Separating expansion from contraction: generalized TOV condition, LTB models with pressure and $\Lambda$CDM

TL;DR

This paper develops a generalized TOV condition and gauge-invariant criteria for the existence of a dividing shell in spherically symmetric spacetimes with pressure, including LTB models with a cosmological constant, distinguishing expanding from collapsing regions.

Contribution

It introduces a pressure-dependent generalization of the TOV equilibrium condition and gauge-invariant criteria for separating expanding and collapsing regions in spherically symmetric models.

Findings

Derived gauge-invariant conditions relating curvature, mass, and pressure.

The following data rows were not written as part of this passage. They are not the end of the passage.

text \<open>
  Write \<open>e = nrm (x0 - xs)\<close> and \<open>s = sqrt \<gamma>\<close>. Multiplying the recursion by \<open>n + 1\<close> gives
  \<open>(n + 1)(x\<^sub>n - xs) = (x0 - xs) + n (T x\<^sub>n\<^sub>-\<^sub>1 - T xs) + n U\<^sub>n\<close>, so \<open>(n + 1) nrm (x\<^sub>n - xs)\<close>
  is dominated pathwise by the sequence \<open>B\<^sub>0 = e\<close>, \<open>B\<^sub>n = e + \<gamma> B\<^sub>n\<^sub>-\<^sub>1 + n nrm U\<^sub>n\<close>, which only
  involves the noise and is therefore measurable. The noise hypothesis says \<open>n E nrm U\<^sub>n \<le> \<sigma> / s\<^sup>N\<^sup>-\<^sup>n\<close>,
  and by induction \<open>E B\<^sub>n \<le> e / (1 - \<gamma>) + 2 \<sigma> / ((1 - \<gamma>) s\<^sup>N\<^sup>-\<^sup>n)\<close>; the induction step reduces to
  \<open>2 s + 1 - s\<^sup>2 \<le> 2\<close>.
\<close>

lemma is_norm_nonneg: "is_norm nrm \<Longrightarrow> 0 \<le> nrm x"
  by (simp add: is_norm_def)

lemma is_norm_zero: "is_norm nrm \<Longrightarrow> nrm 0 = 0"
  by (simp add: is_norm_def)

lemma is_norm_scaleR: "is_norm nrm \<Longrightarrow> nrm (c *\<^sub>R x) = \<bar>c\<bar> * nrm x"
  by (simp add: is_norm_def)

lemma is_norm_triangle: "is_norm nrm \<Longrightarrow> nrm (x + y) \<le> nrm x + nrm y"
  by (simp add: is_norm_def)

lemma is_norm_minus_commute:
  assumes "is_norm nrm"
  shows "nrm (a - b) = nrm (b - a)"
  using is_norm_scaleR[OF assms, of "-1" "b - a"] by simp

lemma is_norm_sum:
  assumes "is_norm nrm" "finite A"
  shows "nrm (sum f A) \<le> (\<Sum>i\<in>A. nrm (f i))"
  using assms(2)
proof (induction A rule: finite_induct)
  case empty
  then show ?case by (simp add: is_norm_zero[OF assms(1)])
next
  case (insert a A)
  then show ?case using is_norm_triangle[OF assms(1), of "f a" "sum f A"] by simp
qed
(* Let $\mathbb A=(A_n)_{n\in\mathbb Z^+}$ be a sequence of invertible linear operators on $\mathbb R^d$ and $\mathcal S=\{\|\cdot\|_n;\ n\in\mathbb Z^+\}$ a sequence of norms such that there exist $K,a>0$ with $\|\mathcal A(m,n)x\|_m\le Ke^{a(m-n)}\|x\|_n$ and $\|\mathcal A(n,m)x\|_n\le Ke^{a(m-n)}\|x\|_m$ for all $m\ge n$, $x$. Let $\Sigma=\Sigma_{ED,\mathbb A,\mathcal S}$ and let $r_1<r_2$ be in $(0,\infty)\setminus\Sigma$. Then the following are equivalent: (a) $S_{r_1}(n)=S_{r_2}(n)$ for some $n\in\mathbb Z^+$ (equivalently, for all $n\in\mathbb Z^+$); (b) $[r_1,r_2]\cap\Sigma=\emptyset$.
   Context: $\mathbb Z^+=\{0,1,\dots\}$. $\mathcal A(m,n)=A_{m-1}\cdots A_n$ ($m>n$), $\mathrm{Id}$ ($m=n$), $A_m^{-1}\cdots A_{n-1}^{-1}$ ($m<n$). For $r>0$, $n\in\mathbb Z^+$: $S_r(n)=\{v\in\mathbb R^d:\ \sup_{m\ge n}r^{-(m-n)}\|\mathcal A(m,n)v\|_m<+\infty\}$. A sequence $(C_n)_{n\in\mathbb Z^+}$ with cocycle $\mathcal C$ admits a strong exponential dichotomy w.r.t. $\mathcal S$ if there exist $K>0$, $a\ge\lambda>0$ and projections $P_n$ with $C_nP_n=P_{n+1}C_n$ such that for $m\ge n$, $x$, $Q_m=\mathrm{Id}-P_m$: $\|\mathcal C(m,n)P_nx\|_m\le Ke^{-\lambda(m-n)}\|x\|_n$, $\|\mathcal C(n,m)Q_mx\|_n\le Ke^{-\lambda(m-n)}\|x\|_m$, $\|\mathcal C(m,n)x\|_m\le Ke^{a(m-n)}\|x\|_n$, $\|\mathcal C(n,m)x\|_n\le Ke^{a(m-n)}\|x\|_m$. $\Sigma_{ED,\mathbb A,\mathcal S}$: set of $\tau>0$ such that $(\tau^{-1}A_n)_{n\in\mathbb Z^+}$ does not admit a strong exponential dichotomy w.r.t. $\mathcal S$. *)

theory Defs
  imports "HOL-Analysis.Analysis"
begin
(* Let $\mathfrak{W}$ be the Witt algebra and let $\bigwedge^2\mathfrak{W}$ carry the $\mathfrak{W}$-module structure induced by the adjoint action. Then the first Chevalley–Eilenberg cohomology vanishes: $$H^1\big(\mathfrak{W},\textstyle\bigwedge^2\mathfrak{W}\big)=\{0\}.$$ Equivalently: for every linear map $\delta:\mathfrak{W}\to\bigwedge^2\mathfrak{W}$ satisfying $$\delta([x,y]) = x\cdot\delta(y) - y\cdot\delta(x)\quad\text{for all } x,y\in\mathfrak{W},$$ there exists $r\in\bigwedge^2\mathfrak{W}$ such that $\delta(x)=x\cdot r$ for all $x\in\mathfrak{W}$.
   Context: The Witt algebra $\mathfrak{W}$ is the complex Lie algebra with basis $\{L_m : m\in\mathbb{Z}\}$ (elements are finite linear combinations) and bracket $[L_m,L_n]=(m-n)L_{m+n}$. The exterior square $\bigwedge^2\mathfrak{W}$ (finite sums of elements $a\wedge b = a\otimes b - b\otimes a$) is a $\mathfrak{W}$-module via $x\cdot(a\wedge b)=[x,a]\wedge b + a\wedge[x,b]$, i.e. $x\cdot t=[x\otimes 1+1\otimes x,\,t]$. A 1-cocycle is a linear map $\delta:\mathfrak{W}\to\bigwedge^2\mathfrak{W}$ with $\delta([x,y])=x\cdot\delta(y)-y\cdot\delta(x)$; a 1-coboundary is a map of the form $x\mapsto x\cdot r$ for a fixed $r\in\bigwedge^2\mathfrak{W}$; $H^1$ is the quotient of 1-cocycles by 1-coboundaries. *)

theory Defs
  imports Complex_Main
begin

text \<open>Elements of the Witt algebra: finitely supported coefficient functions
  \<open>a :: int \<Rightarrow> complex\<close>, representing \<open>\<Sum>m. a m L_m\<close>.\<close>

definition witt :: "(int \<Rightarrow> complex) set" where
  "witt = {a. finite {m. a m \<noteq> 0}}"
lemma card_beta_vimage:
  assumes "S \<subseteq> F8"
  shows "card {y. beta y \<in> S} = card K * card S"
proof -
  have offset_F8: "v + offset y0 \<in> F8" if "v \<in> S" for v y0
    using that assms by (auto simp: offset_def F8_add Tr_mem_F8)
  have Tr_K_F8: "Tr (y0 + v) = v" if "y0 \<in> K" "v \<in> F8" for y0 v
    using that by (simp add: K_def Tr_add Tr_F8)
  have "bij_betw (\<lambda>y. (y + Tr y, beta y)) {y. beta y \<in> S} (K \<times> S)"
  proof (rule bij_betw_byWitness[where f' = "\<lambda>(y0, v). y0 + (v + offset y0)"])
    show "\<forall>y\<in>{y. beta y \<in> S}. (\<lambda>(y0, v). y0 + (v + offset y0)) (y + Tr y, beta y) = y"
      by (simp add: beta_def algebra_simps)
    show "\<forall>p\<in>K \<times> S. (\<lambda>y. (y + Tr y, beta y)) ((\<lambda>(y0, v). y0 + (v + offset y0)) p) = p"
      using Tr_K_F8 offset_F8 by (auto simp: beta_def algebra_simps)
    show "(\<lambda>y. (y + Tr y, beta y)) ` {y. beta y \<in> S} \<subseteq> K \<times> S"
      using add_Tr_mem_K by auto
    show "(\<lambda>(y0, v). y0 + (v + offset y0)) ` (K \<times> S) \<subseteq> {y. beta y \<in> S}"
      using Tr_K_F8 offset_F8 by (auto simp: beta_def algebra_simps)
  qed
  then show ?thesis
    by (simp add: bij_betw_same_card card_cartesian_product)
qed

lemma card_K_times_card_F8: "card K * card F8 = 8 ^ m"
  using card_beta_vimage[of F8] beta_mem_F8 card_UNIV by simp
(* Let $\ell>0$. For any initial datum $S(0)\in\mathbb R_+$ there exists a unique positive solution $S(t)\in\mathbb R_+$ of the ODE $\frac{d}{dt}S(t)=A_\ell(S(t))$. This solution is bounded with continuous first derivative for all $t\ge0$; moreover $\lim_{t\to\infty}S(t)=1$ and $0\le S(t)\le\max\{S(0),1\}$ for all $t\ge0$.
   Context: $\mathbb R_+=\{x\in\mathbb R:x\ge0\}$. With $\Phi$ the standard normal cdf: for $x>0$, $D_\ell(x)=2\ell^2e^{\ell^2(x-1)}\Phi\big(\tfrac{\ell(1-2x)}{\sqrt{2x}}\big)$, $\Gamma_\ell(x)=D_\ell(x)+2\ell^2\Phi\big(-\tfrac{\ell}{\sqrt{2x}}\big)$, $A_\ell(x)=-2xD_\ell(x)+\Gamma_\ell(x)$; and $D_\ell(0)=\Gamma_\ell(0)=A_\ell(0)=2\ell^2e^{-\ell^2}$. *)

theory Defs
  imports "HOL-Probability.Probability"
begin

definition Phi :: "real \<Rightarrow> real" where
  "Phi x = (LBINT t:{..x}. std_normal_density t)"

definition D_l :: "real \<Rightarrow> real \<Rightarrow> real" where
  "D_l l x = (if x = 0 then 2 * l\<^sup>2 * exp (- l\<^sup>2)
     else 2 * l\<^sup>2 * exp (l\<^sup>2 * (x - 1)) * Phi (l * (1 - 2 * x) / sqrt (2 * x)))"

definition Gamma_l :: "real \<Rightarrow> real \<Rightarrow> real" where
  "Gamma_l l x = (if x = 0 then 2 * l\<^sup>2 * exp (- l\<^sup>2)
     else D_l l x + 2 * l\<^sup>2 * Phi (- l / sqrt (2 * x)))"

definition A_l :: "real \<Rightarrow> real \<Rightarrow> real" where
  "A_l l x = (if x = 0 then 2 * l\<^sup>2 * exp (- l\<^sup>2)
     else - 2 * x * D_l l x + Gamma_l l x)"

definition is_pos_solution :: "real \<Rightarrow> real \<Rightarrow> (real \<Rightarrow> real) \<Rightarrow> bool" where
  "is_pos_solution l S0 S \<longleftrightarrow> S 0 = S0 \<and>
     (\<forall>t\<ge>0. S t \<ge> 0 \<and> (S has_real_derivative A_l l (S t)) (at t within {0..}))"

end

theory Submission
  imports Defs "HOL-Real_Asymp.Real_Asymp"
begin

text \<open>
  Write \<open>A_l(x) = 2 l\<^sup>2 F(x, l)\<close>. Differentiating \<open>F(x, l)\<close> in \<open>l\<close> gives
  \<open>2 (x - 1) e\<^bsup>l\<^sup>2(x-1)\<^esup> \<surd>(2x) \<psi>(l(1-2x)/\<surd>(2x))\<close> with \<open>\<psi>(z) = z \<Phi>(z) + \<phi>(z) > 0\<close>, and
  \<open>F x l \<rightarrow> 0\<close> as \<open>l \<rightarrow> \<infinity>\<close>; hence \<open>A_l\<close> is positive on \<open>[0,1)\<close>, vanishes at 1 and is negative
  on \<open>(1,\<infinity>)\<close>. It is continuous and differentiable at 1, so \<open>|A_l y| \<le> L |y - 1|\<close> near 1.
  For a scalar equation \<open>u' = c(u)\<close> with \<open>c > 0\<close> below 1 and such a bound, the passage time
  \<open>T(s) = \<integral>\<^sub>m\<^sup>s 1/c\<close> is a diffeomorphism onto \<open>(0,\<infinity>)\<close>; its inverse gives the solution, \<open>T(u(t)) - t\<close>
  is constant along every solution (uniqueness), and \<open>T \<rightarrow> \<infinity>\<close> at 1 so the level 1 is neither
  reached nor left in finite time. Data above 1 are handled by the reflection \<open>u \<mapsto> 2 - u\<close>.
\<close>

section \<open>The standard normal distribution\<close>

abbreviation "phi \<equiv> std_normal_density"

lemma std_normal_density_has_real_derivative: "(phi has_real_derivative (- x * phi x)) (at x)"
proof -
  have "((\<lambda>x. exp (- x\<^sup>2 / 2)) has_real_derivative exp (- x\<^sup>2 / 2) * (- x)) (at x)"
    by (auto intro!: derivative_eq_intros simp: power2_eq_square)
  from DERIV_cmult[OF this, of "1 / sqrt (2 * pi)"] show ?thesis
    by (simp add: std_normal_density_def[abs_def] mult_ac)
qed

lemma std_normal_density_minus: "phi (- x) = phi x"
  by (simp add: std_normal_density_def)

lemma std_normal_density_le_1: "phi x \<le> 1"
proof -
  have "1 / sqrt (2 * pi) \<le> 1" using pi_gt3 by (simp add: divide_simps real_le_rsqrt)
  moreover have "exp (- x\<^sup>2 / 2) \<le> 1" by simp
  ultimately show ?thesis
    unfolding std_normal_density_def by (intro mult_le_one) auto
qed

lemma std_normal_density_at_top: "(phi \<longlongrightarrow> 0) at_top"
  unfolding std_normal_density_def by real_asymp

lemma set_integrable_std_normal_density: "A \<in> sets borel \<Longrightarrow> set_integrable lborel A phi"
  unfolding set_integrable_def by (intro integrable_mult_indicator) auto

lemma Phi_eq_plus_interval_integral: "Phi u = Phi c + (LBINT t=c..u. phi t)"
proof -
  have split: "Phi b = Phi a + (LBINT t=a..b. phi t)" if "a \<le> b" for a b
  proof -
    have "{..b} = {..a} \<union> {a<..b}" using that by auto
    then have "Phi b = (LBINT t:{..a}. phi t) + (LBINT t:{a<..b}. phi t)"
      unfolding Phi_def
      by (simp only:) (rule set_integral_Un; auto intro!: set_integrable_std_normal_density)
    thus ?thesis using interval_integral_Ioc[OF that, of phi] unfolding Phi_def by simp
  qed
  show ?thesis
    using split[of c u] split[of u c] interval_integral_endpoints_reverse[of u c phi]
    by (cases "c \<le> u") auto
qed

lemma Phi_has_real_derivative: "(Phi has_real_derivative phi x) (at x)"
proof -
  have "((\<lambda>u. LBINT y=x..u. phi y) has_vector_derivative phi x) (at x within {x-1..x+1})"
    by (rule interval_integral_FTC2) (auto intro!: continuous_intros simp: std_normal_density_def)
  hence "((\<lambda>u. Phi x + (LBINT y=x..u. phi y)) has_real_derivative phi x) (at x)"
    by (auto intro!: derivative_eq_intros
        simp: has_real_derivative_iff_has_vector_derivative at_within_Icc_at)
  moreover have "(\<lambda>u. Phi x + (LBINT y=x..u. phi y)) = Phi"
    using Phi_eq_plus_interval_integral[of _ x] by (intro ext) (rule sym)
  ultimately show ?thesis by simp
qed

lemma DERIV_Phi_comp [derivative_intros]:
  "(g has_real_derivative g') (at x within s) \<Longrightarrow>
   ((\<lambda>x. Phi (g x)) has_real_derivative phi (g x) * g') (at x within s)"
  using DERIV_chain2[OF Phi_has_real_derivative] by (simp add: mult.commute)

Applied the framework to mbda-CDM LTB models as an example.

Extended the understanding of shell dynamics in pressure-supported spacetimes.

Abstract

We discuss the existence of a dividing shell separating expanding and collapsing regions in spherically symmetric solutions with pressure. We obtain gauge invariant conditions relating not only the intrinsic spatial curvature of the shells to the ADM mass, but also a function of the pressure which we introduce that generalises the Tolman-Oppenheimer-Volkoff equilibrium condition, in the framework of a 3+1 spacetime splitting. We consider the particular case of a Lema\^itre-Tolman-Bondi dust models with a cosmological constant (a $\Lambda$-CDM model) as an example of our results.